We could not detect immunofluorescence in the cytoplasm of the
via mutants. pro-GFP was degraded in all cell lines, but via mutants contained reduced amounts of the protein
demonstrating impaired Cvt vesicle formation.
Transport of pApe1p to the vacuole can be up-regulated in the mutants
by inducing autophagy, but this does not restore enzymatic activity and
thus homododecamerization. This demonstrates a specific defect in the
Cvt pathway and that dodecamerization of pApe1p is linked to the Cvt
pathway. This indicates that VIA10 and VIA14 encode novel factors with chaperone-like activities required for the
formation of native pApe1p homododecamers and transport by the Cvt
pathway and that these factors are also required for the formation of
native complexes under conditions of autophagy, but that they are not
required for vacuolar transport of autophagosomes. The cytoplasmic
HSC70 family members Ssa1p, Ssa2p, Ssa3p, and Ssa4p are required for
vacuolar transport of pApe1p by the Cvt pathway. HSC70 mutants
accumulate pApe1p in Cvt vesicles, indicating that they are required
for Cvt vesicle formation. Dodecamerization of pApe1p is not disturbed,
and we do not find evidence for a direct HSC70·pApe1p
interaction in vivo (18). We also expressed either
Ssa1p or Ssa2p from single-copy vectors in both via mutants, but this did not restore Ape1p enzymatic activity or
dodecamerization.2
How are dodecamerization and Cvt vesicle formation linked to each
other? (i) Is no dodecamer formed if no Cvt vesicles are present? (ii)

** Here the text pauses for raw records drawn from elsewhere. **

(* In the discrete torus model with frame group $\mathbb{Z}_2\times\mathbb{Z}_2$ and its universal calculus (context), the torsion-free and cotorsion-free spin connections are exactly \[A_{\overline{10}}=\alpha e_1-(\delta+\tfrac{s_2}{2})e_2,\quad A_{\overline{01}}=-(\gamma+\tfrac{s_1}{2})e_1+\beta e_2,\quad A_{\overline{11}}=\gamma e_1+\delta e_2\] for arbitrary functions $\alpha,\beta,\gamma,\delta$, where $s_1=\bar\partial^2\Theta_1$, $s_2=\bar\partial^1\Theta_2$. With $a=\alpha+\gamma$, $b=\beta+\delta$ the covariant derivative is $\nabla e_1=2a\,e_1\otimes e_1-s_2\,e_2\otimes e_1$, $\nabla e_2=-s_1\,e_1\otimes e_2+2b\,e_2\otimes e_2$.
   Context: Discrete torus model: $\Sigma=\mathbb{Z}_2\times\mathbb{Z}_2$, $x\to y$ iff $y-x\in\{(1,0),(0,1)\}$; diagonal zweibein $e_{1,x,x+(1,0)}=\Theta_1(x)^{-1}$, $e_{2,x,x+(0,1)}=\Theta_2(x)^{-1}$, $\Theta_a$ nowhere-vanishing with $\Theta_1R_1\Theta_2=\Theta_2R_2\Theta_1$; $R_1f(x)=f(x+(1,0))$, $R_2f(x)=f(x+(0,1))$, $\bar\partial^a=R_a-\mathrm{id}$; $e_af=R_a(f)e_a$, $\mathrm{d}f=\sum_a(\bar\partial^af)\Theta_ae_a$; two-forms $e_1\wedge e_2=-e_2\wedge e_1$, $e_a\wedge e_a=0$; $\mathrm{d}e_1=(\bar\partial^1\Theta_2)e_1\wedge e_2$, $\mathrm{d}e_2=-(\bar\partial^2\Theta_1)e_1\wedge e_2$. Frame group $\mathbb{Z}_2\times\mathbb{Z}_2=\{\overline{00},\overline{10},\overline{01},\overline{11}\}$ with universal calculus $\mathcal C=\{\overline{10},\overline{01},\overline{11}\}$, $f^i=i-\overline{00}$ acting by $f^{\overline{10}}\triangleright e_1=-2e_1$, $f^{\overline{10}}\triangleright e_2=0$, $f^{\overline{01}}\triangleright e_1=0$, $f^{\overline{01}}\triangleright e_2=-2e_2$, $f^{\overline{11}}\triangleright e_a=-2e_a$. Spin connection: 1-forms $A_i$, $i\in\mathcal C$. Torsion-free: $\mathrm{d}e_a+\sum_iA_i\wedge(f^i\triangleright e_a)=0$; cotorsion-free: $\mathrm{d}e_a+\sum_i(f^i\triangleright e_a)\wedge A_i=0$ (all elements have order 2). Covariant derivative $\nabla(\sum\alpha^ae_a)=\sum\mathrm{d}\alpha^a\otimes e_a-\sum_{i,a}\alpha^aA_i\otimes f^i\triangleright e_a$. *)

theory Defs
  imports Complex_Main "HOL-Library.Function_Algebras"
begin

text \<open>Discrete torus model.  Points of Sigma = Z2 x Z2 are encoded as pairs of booleans
(Z2 = bool with addition = exclusive or); the point (1,0) is (True,False).
Functions on Sigma are real-valued.\<close>

type_synonym pt = "bool \<times> bool"
type_synonym fn = "pt \<Rightarrow> real"

datatype ix = E1 | E2

fun shift :: "ix \<Rightarrow> fn \<Rightarrow> fn" where
  "shift E1 f = (\<lambda>(x, y). f (\<not> x, y))"
| "shift E2 f = (\<lambda>(x, y). f (x, \<not> y))"

definition dbar :: "ix \<Rightarrow> fn \<Rightarrow> fn" where
  "dbar a f = (\<lambda>p. shift a f p - f p)"

text \<open>One-forms, written uniquely as \<open>\<Sum>_a \<omega>^a e_a\<close> with left coefficients \<open>\<omega> a\<close>.\<close>
type_synonym form1 = "ix \<Rightarrow> fn"
text \<open>Two-forms \<open>c e_1\<and>e_2\<close>, represented by the coefficient c.\<close>
type_synonym form2 = fn
text \<open>Elements of \<open>\<Omega>^1 \<otimes>_A \<Omega>^1\<close>, \<open>\<Sum>_{b,c} T^{bc} e_b \<otimes> e_c\<close>, with left coefficients.\<close>
type_synonym tensor = "ix \<Rightarrow> ix \<Rightarrow> fn"

definition basis :: "ix \<Rightarrow> form1" where
  "basis a = (\<lambda>b p. if b = a then 1 else 0)"

definition lmul :: "fn \<Rightarrow> form1 \<Rightarrow> form1" where
  "lmul f \<omega> = (\<lambda>b p. f p * \<omega> b p)"

definition tlmul :: "fn \<Rightarrow> tensor \<Rightarrow> tensor" where
  "tlmul f T = (\<lambda>b c p. f p * T b c p)"

definition dfun :: "(ix \<Rightarrow> fn) \<Rightarrow> fn \<Rightarrow> form1" where
  "dfun \<Theta> f = (\<lambda>a p. dbar a f p * \<Theta> a p)"

fun de :: "(ix \<Rightarrow> fn) \<Rightarrow> ix \<Rightarrow> form2" where
  "de \<Theta> E1 = dbar E1 (\<Theta> E2)"
| "de \<Theta> E2 = (\<lambda>p. - dbar E2 (\<Theta> E1) p)"

text \<open>Wedge product of one-forms, using the bimodule relation \<open>e_a f = R_a(f) e_a\<close>,
  \<open>e_a\<and>e_a = 0\<close>, \<open>e_2\<and>e_1 = - e_1\<and>e_2\<close>.\<close>
definition wedge :: "form1 \<Rightarrow> form1 \<Rightarrow> form2" where
  "wedge \<omega> \<eta> = (\<lambda>p. \<omega> E1 p * shift E1 (\<eta> E2) p - \<omega> E2 p * shift E2 (\<eta> E1) p)"

text \<open>Tensor product over the algebra: \<open>(\<omega>^b e_b) \<otimes> (\<eta>^c e_c) = \<omega>^b R_b(\<eta>^c) e_b \<otimes> e_c\<close>.\<close>
definition tens :: "form1 \<Rightarrow> form1 \<Rightarrow> tensor" where
  "tens \<omega> \<eta> = (\<lambda>b c p. \<omega> b p * shift b (\<eta> c) p)"

datatype frame = G00 | G10 | G01 | G11

definition calC :: "frame set" where
  "calC = {G10, G01, G11}"

text \<open>Action of \<open>f^i = i - 00\<close> on the zweibein: \<open>f^i \<triangleright> e_a = fcoef i a \<cdot> e_a\<close>.\<close>
fun fcoef :: "frame \<Rightarrow> ix \<Rightarrow> real" where
  "fcoef G10 E1 = -2" | "fcoef G10 E2 = 0"
| "fcoef G01 E1 = 0"  | "fcoef G01 E2 = -2"
| "fcoef G11 E1 = -2" | "fcoef G11 E2 = -2"
| "fcoef G00 _ = 0"

definition act :: "frame \<Rightarrow> form1 \<Rightarrow> form1" where
  "act i \<omega> = (\<lambda>a p. fcoef i a * \<omega> a p)"

text \<open>A spin connection is a family of one-forms \<open>A_i\<close>, \<open>i \<in> C\<close>
  (the value at G00 is irrelevant and never used).\<close>
type_synonym spinconn = "frame \<Rightarrow> form1"

definition torsion_free :: "(ix \<Rightarrow> fn) \<Rightarrow> spinconn \<Rightarrow> bool" where
  "torsion_free \<Theta> A \<longleftrightarrow>
     (\<forall>a. de \<Theta> a + (\<Sum>i\<in>calC. wedge (A i) (act i (basis a))) = 0)"

definition cotorsion_free :: "(ix \<Rightarrow> fn) \<Rightarrow> spinconn \<Rightarrow> bool" where
  "cotorsion_free \<Theta> A \<longleftrightarrow>
     (\<forall>a. de \<Theta> a + (\<Sum>i\<in>calC. wedge (act i (basis a)) (A i)) = 0)"

definition nabla :: "(ix \<Rightarrow> fn) \<Rightarrow> spinconn \<Rightarrow> form1 \<Rightarrow> tensor" where
  "nabla \<Theta> A \<omega> =
     (\<Sum>a\<in>{E1, E2}. tens (dfun \<Theta> (\<omega> a)) (basis a))
     - (\<Sum>i\<in>calC. \<Sum>a\<in>{E1, E2}. tens (lmul (\<omega> a) (A i)) (act i (basis a)))"

end

(*
  On Z2 x Z2 each shift R_a is an involution, so dbar^a f changes sign under R_a.
  Torsion-freeness consists of two pointwise linear equations fixing
  A_10^2 + A_11^2 = -s_2/2 and A_01^1 + A_11^1 = -s_1/2; cotorsion-freeness is
  the same pair of equations with R_a applied to the left-hand sides, and applying
  R_a once more turns it into torsion-freeness.  The four remaining components of
  the A_i are free.  Since e_a has constant coefficients, nabla e_a reduces to
  -sum_i A_i (x) f^i |> e_a, which is read off from the parametrisation.
*)
theory Submission
  imports Defs
begin

lemma ix_all: "(\<forall>a. P a) \<longleftrightarrow> P E1 \<and> P E2"
  by (metis (full_types) ix.exhaust)

lemma form1_eq_iff: "\<omega> = \<eta> \<longleftrightarrow> \<omega> E1 = \<eta> E1 \<and> \<omega> E2 = \<eta> E2" for \<omega> \<eta> :: form1
  by (auto simp: fun_eq_iff ix_all)

lemma shift_shift [simp]: "shift a (shift a f) = f"
  by (cases a) (auto simp: fun_eq_iff)

lemma shift_const [simp]: "shift a (\<lambda>_. c) = (\<lambda>_. c)"
  by (cases a) (simp_all add: fun_eq_iff split_beta)

lemma shift_eq_iff: "shift a f = g \<longleftrightarrow> f = shift a g"
  by (metis shift_shift)

lemma shift_dbar: "shift a (dbar a f) = (\<lambda>p. - dbar a f p)"
  by (cases a) (auto simp: fun_eq_iff dbar_def)

lemma shift_divide: "shift a (\<lambda>p. f p / c) = (\<lambda>p. shift a f p / c)"
  by (cases a) (auto simp: fun_eq_iff)

lemma sum_calC: "(\<Sum>i\<in>calC. f i) = f G10 + f G01 + f G11"
  by (simp add: calC_def add.assoc)

lemma torsion_coeff_E1:
  "de \<Theta> E1 + (\<Sum>i\<in>calC. wedge (A i) (act i (basis E1)))
     = (\<lambda>p. dbar E1 (\<Theta> E2) p + 2 * (A G10 E2 p + A G11 E2 p))"
  by (simp add: sum_calC fun_eq_iff wedge_def act_def basis_def)

lemma torsion_coeff_E2:
  "de \<Theta> E2 + (\<Sum>i\<in>calC. wedge (A i) (act i (basis E2)))
     = (\<lambda>p. - dbar E2 (\<Theta> E1) p - 2 * (A G01 E1 p + A G11 E1 p))"
  by (simp add: sum_calC fun_eq_iff wedge_def act_def basis_def)

lemma cotorsion_coeff_E1:
  "de \<Theta> E1 + (\<Sum>i\<in>calC. wedge (act i (basis E1)) (A i))
     = (\<lambda>p. dbar E1 (\<Theta> E2) p - 2 * shift E1 (\<lambda>q. A G10 E2 q + A G11 E2 q) p)"
  by (simp add: sum_calC fun_eq_iff wedge_def act_def basis_def split_beta)

lemma cotorsion_coeff_E2:
  "de \<Theta> E2 + (\<Sum>i\<in>calC. wedge (act i (basis E2)) (A i))
     = (\<lambda>p. - dbar E2 (\<Theta> E1) p + 2 * shift E2 (\<lambda>q. A G01 E1 q + A G11 E1 q) p)"
  by (simp add: sum_calC fun_eq_iff wedge_def act_def basis_def split_beta)

lemma torsion_free_iff:
  "torsion_free \<Theta> A \<longleftrightarrow>
     (\<lambda>p. A G10 E2 p + A G11 E2 p) = (\<lambda>p. - dbar E1 (\<Theta> E2) p / 2) \<and>
     (\<lambda>p. A G01 E1 p + A G11 E1 p) = (\<lambda>p. - dbar E2 (\<Theta> E1) p / 2)"
  unfolding torsion_free_def ix_all torsion_coeff_E1 torsion_coeff_E2 fun_eq_iff zero_fun_apply
  by (intro conj_cong all_cong1) auto

lemma cotorsion_free_iff:
  "cotorsion_free \<Theta> A \<longleftrightarrow>
     shift E1 (\<lambda>p. A G10 E2 p + A G11 E2 p) = (\<lambda>p. dbar E1 (\<Theta> E2) p / 2) \<and>
     shift E2 (\<lambda>p. A G01 E1 p + A G11 E1 p) = (\<lambda>p. dbar E2 (\<Theta> E1) p / 2)"
  unfolding cotorsion_free_def ix_all cotorsion_coeff_E1 cotorsion_coeff_E2 fun_eq_iff zero_fun_apply
  by (intro conj_cong all_cong1) linarith+

lemma cotorsion_free_iff_torsion_free: "cotorsion_free \<Theta> A \<longleftrightarrow> torsion_free \<Theta> A"
  unfolding cotorsion_free_iff torsion_free_iff shift_eq_iff
  by (simp add: shift_dbar shift_divide)

lemma lmul_basis: "lmul f (basis a) = (\<lambda>b p. if b = a then f p else 0)"
  by (simp add: lmul_def basis_def fun_eq_iff)

lemma torsion_free_iff_explicit:
  "torsion_free \<Theta> A \<longleftrightarrow> (\<exists>\<alpha> \<beta> \<gamma> \<delta>.
     A G10 = lmul \<alpha> (basis E1) - lmul (\<lambda>p. \<delta> p + dbar E1 (\<Theta> E2) p / 2) (basis E2) \<and>
     A G01 = lmul \<beta> (basis E2) - lmul (\<lambda>p. \<gamma> p + dbar E2 (\<Theta> E1) p / 2) (basis E1) \<and>
     A G11 = lmul \<gamma> (basis E1) + lmul \<delta> (basis E2))"
  (is "_ \<longleftrightarrow> (\<exists>\<alpha> \<beta> \<gamma> \<delta>. ?explicit \<alpha> \<beta> \<gamma> \<delta>)")
proof
  assume "torsion_free \<Theta> A"
  then have tf1: "(\<lambda>p. A G10 E2 p + A G11 E2 p) = (\<lambda>p. - dbar E1 (\<Theta> E2) p / 2)"
    and tf2: "(\<lambda>p. A G01 E1 p + A G11 E1 p) = (\<lambda>p. - dbar E2 (\<Theta> E1) p / 2)"
    unfolding torsion_free_iff by blast+
  have "A G10 E2 p = - (A G11 E2 p + dbar E1 (\<Theta> E2) p / 2)"
    and "A G01 E1 p = - (A G11 E1 p + dbar E2 (\<Theta> E1) p / 2)" for p
    using fun_cong[OF tf1, of p] fun_cong[OF tf2, of p] by simp_all
  then have "?explicit (A G10 E1) (A G01 E2) (A G11 E1) (A G11 E2)"
    by (simp add: form1_eq_iff lmul_basis fun_eq_iff)
  then show "\<exists>\<alpha> \<beta> \<gamma> \<delta>. ?explicit \<alpha> \<beta> \<gamma> \<delta>"
    by blast
next
  assume "\<exists>\<alpha> \<beta> \<gamma> \<delta>. ?explicit \<alpha> \<beta> \<gamma> \<delta>"
  then show "torsion_free \<Theta> A"
    unfolding torsion_free_iff by (auto simp: lmul_basis fun_eq_iff)
qed

lemma tens_act_basis:
  "tens \<omega> (act i (basis a)) = (\<lambda>b c p. if c = a then fcoef i a * \<omega> b p else 0)"
  by (simp add: tens_def act_def basis_def fun_eq_iff)

lemma nabla_basis: "nabla \<Theta> A (basis a) = - (\<Sum>i\<in>calC. tens (A i) (act i (basis a)))"
  by (cases a)
    (simp_all add: nabla_def sum_calC basis_def dfun_def dbar_def tens_def lmul_def act_def fun_eq_iff)

lemma tlmul_tens_basis:
  "tlmul f (tens (basis a) (basis b)) = (\<lambda>a' b' p. if a' = a \<and> b' = b then f p else 0)"
  by (simp add: tlmul_def tens_def basis_def fun_eq_iff)

theorem proposition4p8:
  fixes \<Theta> :: "ix \<Rightarrow> pt \<Rightarrow> real"
  assumes nonvanish: "\<forall>a p. \<Theta> a p \<noteq> 0"
    and compat: "\<forall>p. \<Theta> E1 p * shift E1 (\<Theta> E2) p = \<Theta> E2 p * shift E2 (\<Theta> E1) p"
  defines "s1 \<equiv> dbar E2 (\<Theta> E1)" and "s2 \<equiv> dbar E1 (\<Theta> E2)"
  shows "(\<forall>A :: spinconn.
           (torsion_free \<Theta> A \<and> cotorsion_free \<Theta> A) \<longleftrightarrow>
           (\<exists>\<alpha> \<beta> \<gamma> \<delta> :: pt \<Rightarrow> real.
              A G10 = lmul \<alpha> (basis E1) - lmul (\<lambda>p. \<delta> p + s2 p / 2) (basis E2) \<and>
              A G01 = lmul \<beta> (basis E2) - lmul (\<lambda>p. \<gamma> p + s1 p / 2) (basis E1) \<and>
              A G11 = lmul \<gamma> (basis E1) + lmul \<delta> (basis E2))) \<and>
         (\<forall>(A :: spinconn) (\<alpha> :: pt \<Rightarrow> real) \<beta> \<gamma> \<delta>.
           A G10 = lmul \<alpha> (basis E1) - lmul (\<lambda>p. \<delta> p + s2 p / 2) (basis E2) \<and>
           A G01 = lmul \<beta> (basis E2) - lmul (\<lambda>p. \<gamma> p + s1 p / 2) (basis E1) \<and>
           A G11 = lmul \<gamma> (basis E1) + lmul \<delta> (basis E2)
           \<longrightarrow>
           nabla \<Theta> A (basis E1) =
             tlmul (\<lambda>p. 2 * (\<alpha> p + \<gamma> p)) (tens (basis E1) (basis E1))
             - tlmul s2 (tens (basis E2) (basis E1)) \<and>
           nabla \<Theta> A (basis E2) =
             - tlmul s1 (tens (basis E1) (basis E2))
             + tlmul (\<lambda>p. 2 * (\<beta> p + \<delta> p)) (tens (basis E2) (basis E2)))"
proof (intro conjI allI impI)
  fix A :: spinconn
  show "(torsion_free \<Theta> A \<and> cotorsion_free \<Theta> A) \<longleftrightarrow>
    (\<exists>\<alpha> \<beta> \<gamma> \<delta> :: pt \<Rightarrow> real.
       A G10 = lmul \<alpha> (basis E1) - lmul (\<lambda>p. \<delta> p + s2 p / 2) (basis E2) \<and>
       A G01 = lmul \<beta> (basis E2) - lmul (\<lambda>p. \<gamma> p + s1 p / 2) (basis E1) \<and>
       A G11 = lmul \<gamma> (basis E1) + lmul \<delta> (basis E2))"
    unfolding cotorsion_free_iff_torsion_free torsion_free_iff_explicit s1_def s2_def by simp
next
  fix A :: spinconn and \<alpha> \<beta> \<gamma> \<delta> :: "pt \<Rightarrow> real"
  assume "A G10 = lmul \<alpha> (basis E1) - lmul (\<lambda>p. \<delta> p + s2 p / 2) (basis E2) \<and>
    A G01 = lmul \<beta> (basis E2) - lmul (\<lambda>p. \<gamma> p + s1 p / 2) (basis E1) \<and>
    A G11 = lmul \<gamma> (basis E1) + lmul \<delta> (basis E2)"
  then show "nabla \<Theta> A (basis E1) =
      tlmul (\<lambda>p. 2 * (\<alpha> p + \<gamma> p)) (tens (basis E1) (basis E1))
      - tlmul s2 (tens (basis E2) (basis E1))"
    and "nabla \<Theta> A (basis E2) =
      - tlmul s1 (tens (basis E1) (basis E2))
      + tlmul (\<lambda>p. 2 * (\<beta> p + \<delta> p)) (tens (basis E2) (basis E2))"
    by (simp_all add: nabla_basis sum_calC tens_act_basis tlmul_tens_basis lmul_basis fun_eq_iff
        split: ix.split)
qed

end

Are no Cvt vesicles formed without formation of dodecamers? or (iii) Is
the same protein or protein complex required for dodecamerization as
well as Cvt vesicle formation? These three questions are answered as
follows. (i) This is likely to be the case, because pApe1p
complexes accumulating upon overexpression of pApe1p lead to the
formation of oligomers, which are not transported to the vacuole (2).
(ii) Expression of pro-GFP, which does not oligomerize, is transported
by the Cvt pathway demonstrating that dodecamerization is not a
prerequisite for Cvt vesicle formation (23). (iii) Pro-GFP is not
protected by a Cvt vesicle membrane in the via mutants,
demonstrating that Cvt vesicle formation is disturbed in the mutants.
Dodecamerization of pApe1p in the cytoplasm is required for the
formation of enzymatically active dodecamers of aminopeptidase 1, because inducing autophagy restores pApe1p transport to the vacuole and
its proteolytic processing, but this does not restore enzymatic
activity. Therefore, we think that VIA10 and
VIA14 are required for the controlled dodecamerization as
well as Cvt vesicle formation, possibly as part of a multimeric complex. This way they can control the potentially harmful cytoplasmic proteolytic activity of pApe1p, because enzymatically active complexes are only formed, if they are readily compartmentalized. This method of
controlling proteolytic activity also explains the existence of a
second transport pathway for vacuolar enzymes.